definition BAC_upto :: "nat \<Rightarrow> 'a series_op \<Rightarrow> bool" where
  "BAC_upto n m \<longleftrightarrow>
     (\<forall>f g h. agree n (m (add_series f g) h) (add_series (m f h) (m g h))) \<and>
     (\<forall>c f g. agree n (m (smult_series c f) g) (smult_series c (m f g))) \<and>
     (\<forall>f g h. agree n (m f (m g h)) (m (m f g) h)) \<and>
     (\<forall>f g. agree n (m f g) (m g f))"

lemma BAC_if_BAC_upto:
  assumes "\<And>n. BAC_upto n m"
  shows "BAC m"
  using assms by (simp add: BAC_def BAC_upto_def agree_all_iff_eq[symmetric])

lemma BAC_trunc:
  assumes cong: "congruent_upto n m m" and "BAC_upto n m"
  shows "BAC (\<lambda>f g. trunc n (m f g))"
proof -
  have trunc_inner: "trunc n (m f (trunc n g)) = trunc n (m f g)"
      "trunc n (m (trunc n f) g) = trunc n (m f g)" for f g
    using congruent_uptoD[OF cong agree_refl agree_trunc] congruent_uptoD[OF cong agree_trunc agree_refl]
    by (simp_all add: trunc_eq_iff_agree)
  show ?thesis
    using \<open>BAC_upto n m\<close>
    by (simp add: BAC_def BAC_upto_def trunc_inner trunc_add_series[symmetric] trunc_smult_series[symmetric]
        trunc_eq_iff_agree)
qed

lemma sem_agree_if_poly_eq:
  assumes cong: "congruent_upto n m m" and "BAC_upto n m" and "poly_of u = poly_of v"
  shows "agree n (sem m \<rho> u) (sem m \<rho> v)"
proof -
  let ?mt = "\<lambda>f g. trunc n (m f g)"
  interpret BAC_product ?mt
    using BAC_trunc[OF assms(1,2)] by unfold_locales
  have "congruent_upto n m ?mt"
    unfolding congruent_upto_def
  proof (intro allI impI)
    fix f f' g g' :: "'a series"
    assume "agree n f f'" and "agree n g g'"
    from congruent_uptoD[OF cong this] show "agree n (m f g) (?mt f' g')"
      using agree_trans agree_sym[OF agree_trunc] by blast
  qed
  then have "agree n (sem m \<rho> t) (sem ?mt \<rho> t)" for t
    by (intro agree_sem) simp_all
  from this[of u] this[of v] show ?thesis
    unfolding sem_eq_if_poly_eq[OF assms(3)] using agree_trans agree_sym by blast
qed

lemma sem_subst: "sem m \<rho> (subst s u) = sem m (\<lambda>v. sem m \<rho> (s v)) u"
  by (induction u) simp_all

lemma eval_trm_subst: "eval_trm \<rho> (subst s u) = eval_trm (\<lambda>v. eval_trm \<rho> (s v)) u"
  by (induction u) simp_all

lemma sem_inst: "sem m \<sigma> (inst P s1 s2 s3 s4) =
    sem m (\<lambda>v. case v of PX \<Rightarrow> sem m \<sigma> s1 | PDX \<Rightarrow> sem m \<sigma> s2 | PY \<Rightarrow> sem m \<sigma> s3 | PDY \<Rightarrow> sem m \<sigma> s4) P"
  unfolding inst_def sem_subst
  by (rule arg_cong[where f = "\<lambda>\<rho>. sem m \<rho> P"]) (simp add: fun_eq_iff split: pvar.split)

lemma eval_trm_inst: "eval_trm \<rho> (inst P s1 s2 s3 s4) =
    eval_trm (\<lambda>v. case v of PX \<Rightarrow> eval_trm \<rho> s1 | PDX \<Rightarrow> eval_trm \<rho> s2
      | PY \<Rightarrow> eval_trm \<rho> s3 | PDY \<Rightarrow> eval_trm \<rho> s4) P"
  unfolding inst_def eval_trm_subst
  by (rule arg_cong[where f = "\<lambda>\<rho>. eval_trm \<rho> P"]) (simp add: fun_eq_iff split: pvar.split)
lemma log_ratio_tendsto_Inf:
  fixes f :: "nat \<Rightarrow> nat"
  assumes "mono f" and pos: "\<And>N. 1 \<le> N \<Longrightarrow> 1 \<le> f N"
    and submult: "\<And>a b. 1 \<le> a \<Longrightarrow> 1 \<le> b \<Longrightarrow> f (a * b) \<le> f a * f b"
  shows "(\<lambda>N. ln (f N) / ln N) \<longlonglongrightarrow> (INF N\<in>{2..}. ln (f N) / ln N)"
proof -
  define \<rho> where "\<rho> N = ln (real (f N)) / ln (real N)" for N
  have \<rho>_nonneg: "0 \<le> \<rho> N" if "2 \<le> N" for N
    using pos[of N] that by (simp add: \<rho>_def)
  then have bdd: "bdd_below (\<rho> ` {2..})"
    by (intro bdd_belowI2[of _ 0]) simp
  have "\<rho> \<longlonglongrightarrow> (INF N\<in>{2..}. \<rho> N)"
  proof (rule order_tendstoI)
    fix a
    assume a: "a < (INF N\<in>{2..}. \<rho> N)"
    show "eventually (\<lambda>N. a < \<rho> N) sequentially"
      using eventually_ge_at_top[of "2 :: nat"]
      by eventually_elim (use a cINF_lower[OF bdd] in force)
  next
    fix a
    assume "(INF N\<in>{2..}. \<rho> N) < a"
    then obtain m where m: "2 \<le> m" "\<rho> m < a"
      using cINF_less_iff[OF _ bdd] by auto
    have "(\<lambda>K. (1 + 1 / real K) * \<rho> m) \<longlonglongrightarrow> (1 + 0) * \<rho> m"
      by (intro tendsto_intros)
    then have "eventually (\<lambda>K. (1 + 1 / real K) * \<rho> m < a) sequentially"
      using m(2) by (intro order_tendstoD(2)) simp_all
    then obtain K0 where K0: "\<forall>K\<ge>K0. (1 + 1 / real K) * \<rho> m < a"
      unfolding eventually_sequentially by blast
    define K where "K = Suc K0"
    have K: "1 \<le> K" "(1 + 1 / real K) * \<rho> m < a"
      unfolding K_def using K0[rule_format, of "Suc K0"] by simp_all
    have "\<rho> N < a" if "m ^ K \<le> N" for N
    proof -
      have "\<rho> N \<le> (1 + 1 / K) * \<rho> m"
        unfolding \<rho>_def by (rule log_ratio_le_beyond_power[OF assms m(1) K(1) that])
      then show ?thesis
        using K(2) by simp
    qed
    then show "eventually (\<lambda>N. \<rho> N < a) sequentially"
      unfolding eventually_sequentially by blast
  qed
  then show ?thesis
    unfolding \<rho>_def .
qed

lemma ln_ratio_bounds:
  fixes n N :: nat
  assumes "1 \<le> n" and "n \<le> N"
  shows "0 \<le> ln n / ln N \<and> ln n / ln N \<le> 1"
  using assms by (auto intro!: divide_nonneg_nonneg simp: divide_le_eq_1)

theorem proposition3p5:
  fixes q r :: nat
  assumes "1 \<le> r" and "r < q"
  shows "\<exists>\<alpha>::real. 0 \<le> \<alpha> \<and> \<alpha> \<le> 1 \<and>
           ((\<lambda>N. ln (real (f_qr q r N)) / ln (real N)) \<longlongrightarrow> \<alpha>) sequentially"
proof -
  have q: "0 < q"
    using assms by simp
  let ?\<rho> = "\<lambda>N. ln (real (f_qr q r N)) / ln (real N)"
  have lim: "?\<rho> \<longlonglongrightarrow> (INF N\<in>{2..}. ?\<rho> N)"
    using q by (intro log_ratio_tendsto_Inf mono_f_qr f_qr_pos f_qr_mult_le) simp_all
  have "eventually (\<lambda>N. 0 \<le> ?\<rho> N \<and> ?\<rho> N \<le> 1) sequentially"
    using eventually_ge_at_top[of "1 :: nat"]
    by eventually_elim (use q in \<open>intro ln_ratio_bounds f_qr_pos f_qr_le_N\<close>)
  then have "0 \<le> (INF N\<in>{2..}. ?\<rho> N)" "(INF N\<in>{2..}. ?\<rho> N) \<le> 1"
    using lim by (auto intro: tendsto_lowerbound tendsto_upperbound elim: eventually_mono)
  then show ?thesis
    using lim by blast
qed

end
◇ ◇ ◇ ◇ ◇ ◇ ◇
● ASSIGNMENT: Write out each entry once more, exactly as it was given.

● OUTPUT BELOW:
definition BAC_upto :: "nat \<Rightarrow> 'a series_op \<Rightarrow> bool" where
  "BAC_upto n m \<longleftrightarrow>
     (\<forall>f g h. agree n (m (add_series f g) h) (add_series (m f h) (m g h))) \<and>
     (\<forall>c f g. agree n (m (smult_series c f) g) (smult_series c (m f g))) \<and>
     (\<forall>f g h. agree n (m f (m g h)) (m (m f g) h)) \<and>
     (\<forall>f g. agree n (m f g) (m g f))"

lemma BAC_if_BAC_upto:
  assumes "\<And>n. BAC_upto n m"
  shows "BAC m"
  using assms by (simp add: BAC_def BAC_upto_def agree_all_iff_eq[symmetric])

lemma BAC_trunc:
  assumes cong: "congruent_upto n m m" and "BAC_upto n m"
  shows "BAC (\<lambda>f g. trunc n (m f g))"
proof -
  have trunc_inner: "trunc n (m f (trunc n g)) = trunc n (m f g)"
      "trunc n (m (trunc n f) g) = trunc n (m f g)" for f g
    using congruent_uptoD[OF cong agree_refl agree_trunc] congruent_uptoD[OF cong agree_trunc agree_refl]
    by (simp_all add: trunc_eq_iff_agree)
  show ?thesis
    using \<open>BAC_upto n m\<close>
    by (simp add: BAC_def BAC_upto_def trunc_inner trunc_add_series[symmetric] trunc_smult_series[symmetric]
        trunc_eq_iff_agree)
qed

lemma sem_agree_if_poly_eq:
  assumes cong: "congruent_upto n m m" and "BAC_upto n m" and "poly_of u = poly_of v"
  shows "agree n (sem m \<rho> u) (sem m \<rho> v)"
proof -
  let ?mt = "\<lambda>f g. trunc n (m f g)"
  interpret BAC_product ?mt
    using BAC_trunc[OF assms(1,2)] by unfold_locales
  have "congruent_upto n m ?mt"
    unfolding congruent_upto_def
  proof (intro allI impI)
    fix f f' g g' :: "'a series"
    assume "agree n f f'" and "agree n g g'"
    from congruent_uptoD[OF cong this] show "agree n (m f g) (?mt f' g')"
      using agree_trans agree_sym[OF agree_trunc] by blast
  qed
  then have "agree n (sem m \<rho> t) (sem ?mt \<rho> t)" for t
    by (intro agree_sem) simp_all
  from this[of u] this[of v] show ?thesis
    unfolding sem_eq_if_poly_eq[OF assms(3)] using agree_trans agree_sym by blast
qed

lemma sem_subst: "sem m \<rho> (subst s u) = sem m (\<lambda>v. sem m \<rho> (s v)) u"
  by (induction u) simp_all

lemma eval_trm_subst: "eval_trm \<rho> (subst s u) = eval_trm (\<lambda>v. eval_trm \<rho> (s v)) u"
  by (induction u) simp_all

lemma sem_inst: "sem m \<sigma> (inst P s1 s2 s3 s4) =
    sem m (\<lambda>v. case v of PX \<Rightarrow> sem m \<sigma> s1 | PDX \<Rightarrow> sem m \<sigma> s2 | PY \<Rightarrow> sem m \<sigma> s3 | PDY \<Rightarrow> sem m \<sigma> s4) P"
  unfolding inst_def sem_subst
  by (rule arg_cong[where f = "\<lambda>\<rho>. sem m \<rho> P"]) (simp add: fun_eq_iff split: pvar.split)

lemma eval_trm_inst: "eval_trm \<rho> (inst P s1 s2 s3 s4) =
    eval_trm (\<lambda>v. case v of PX \<Rightarrow> eval_trm \<rho> s1 | PDX \<Rightarrow> eval_trm \<rho> s2
      | PY \<Rightarrow> eval_trm \<rho> s3 | PDY \<Rightarrow> eval_trm \<rho> s4) P"
  unfolding inst_def eval_trm_subst
  by (rule arg_cong[where f = "\<lambda>\<rho>. eval_trm \<rho> P"]) (simp add: fun_eq_iff split: pvar.split)
lemma log_ratio_tendsto_Inf:
  fixes f :: "nat \<Rightarrow> nat"
  assumes "mono f" and pos: "\<And>N. 1 \<le> N \<Longrightarrow> 1 \<le> f N"
    and submult: "\<And>a b. 1 \<le> a \<Longrightarrow> 1 \<le> b \<Longrightarrow> f (a * b) \<le> f a * f b"
  shows "(\<lambda>N. ln (f N) / ln N) \<longlonglongrightarrow> (INF N\<in>{2..}. ln (f N) / ln N)"
proof -
  define \<rho> where "\<rho> N = ln (real (f N)) / ln (real N)" for N
  have \<rho>_nonneg: "0 \<le> \<rho> N" if "2 \<le> N" for N
    using pos[of N] that by (simp add: \<rho>_def)
  then have bdd: "bdd_below (\<rho> ` {2..})"
    by (intro bdd_belowI2[of _ 0]) simp
  have "\<rho> \<longlonglongrightarrow> (INF N\<in>{2..}. \<rho> N)"
  proof (rule order_tendstoI)
    fix a
    assume a: "a < (INF N\<in>{2..}. \<rho> N)"
    show "eventually (\<lambda>N. a < \<rho> N) sequentially"
      using eventually_ge_at_top[of "2 :: nat"]
      by eventually_elim (use a cINF_lower[OF bdd] in force)
  next
    fix a
    assume "(INF N\<in>{2..}. \<rho> N) < a"
    then obtain m where m: "2 \<le> m" "\<rho> m < a"
      using cINF_less_iff[OF _ bdd] by auto
    have "(\<lambda>K. (1 + 1 / real K) * \<rho> m) \<longlonglongrightarrow> (1 + 0) * \<rho> m"
      by (intro tendsto_intros)
    then have "eventually (\<lambda>K. (1 + 1 / real K) * \<rho> m < a) sequentially"
      using m(2) by (intro order_tendstoD(2)) simp_all
    then obtain K0 where K0: "\<forall>K\<ge>K0. (1 + 1 / real K) * \<rho> m < a"
      unfolding eventually_sequentially by blast
    define K where "K = Suc K0"
    have K: "1 \<le> K" "(1 + 1 / real K) * \<rho> m < a"
      unfolding K_def using K0[rule_format, of "Suc K0"] by simp_all
    have "\<rho> N < a" if "m ^ K \<le> N" for N
    proof -
      have "\<rho> N \<le> (1 + 1 / K) * \<rho> m"
        unfolding \<rho>_def by (rule log_ratio_le_beyond_power[OF assms m(1) K(1) that])
      then show ?thesis
        using K(2) by simp
    qed
    then show "eventually (\<lambda>N. \<rho> N < a) sequentially"
      unfolding eventually_sequentially by blast
  qed
  then show ?thesis
    unfolding \<rho>_def .
qed

lemma ln_ratio_bounds:
  fixes n N :: nat
  assumes "1 \<le> n" and "n \<le> N"
  shows "0 \<le> ln n / ln N \<and> ln n / ln N \<le> 1"
  using assms by (auto intro!: divide_nonneg_nonneg simp: divide_le_eq_1)

theorem proposition3p5:
  fixes q r :: nat
  assumes "1 \<le> r" and "r < q"
  shows "\<exists>\<alpha>::real. 0 \<le> \<alpha> \<and> \<alpha> \<le> 1 \<and>
           ((\<lambda>N. ln (real (f_qr q r N)) / ln (real N)) \<longlongrightarrow> \<alpha>) sequentially"
proof -
  have q: "0 < q"
    using assms by simp
  let ?\<rho> = "\<lambda>N. ln (real (f_qr q r N)) / ln (real N)"
  have lim: "?\<rho> \<longlonglongrightarrow> (INF N\<in>{2..}. ?\<rho> N)"
    using q by (intro log_ratio_tendsto_Inf mono_f_qr f_qr_pos f_qr_mult_le) simp_all
  have "eventually (\<lambda>N. 0 \<le> ?\<rho> N \<and> ?\<rho> N \<le> 1) sequentially"
    using eventually_ge_at_top[of "1 :: nat"]
    by eventually_elim (use q in \<open>intro ln_ratio_bounds f_qr_pos f_qr_le_N\<close>)
  then have "0 \<le> (INF N\<in>{2..}. ?\<rho> N)" "(INF N\<in>{2..}. ?\<rho> N) \<le> 1"
    using lim by (auto intro: tendsto_lowerbound tendsto_upperbound elim: eventually_mono)
  then show ?thesis
    using lim by blast
qed

end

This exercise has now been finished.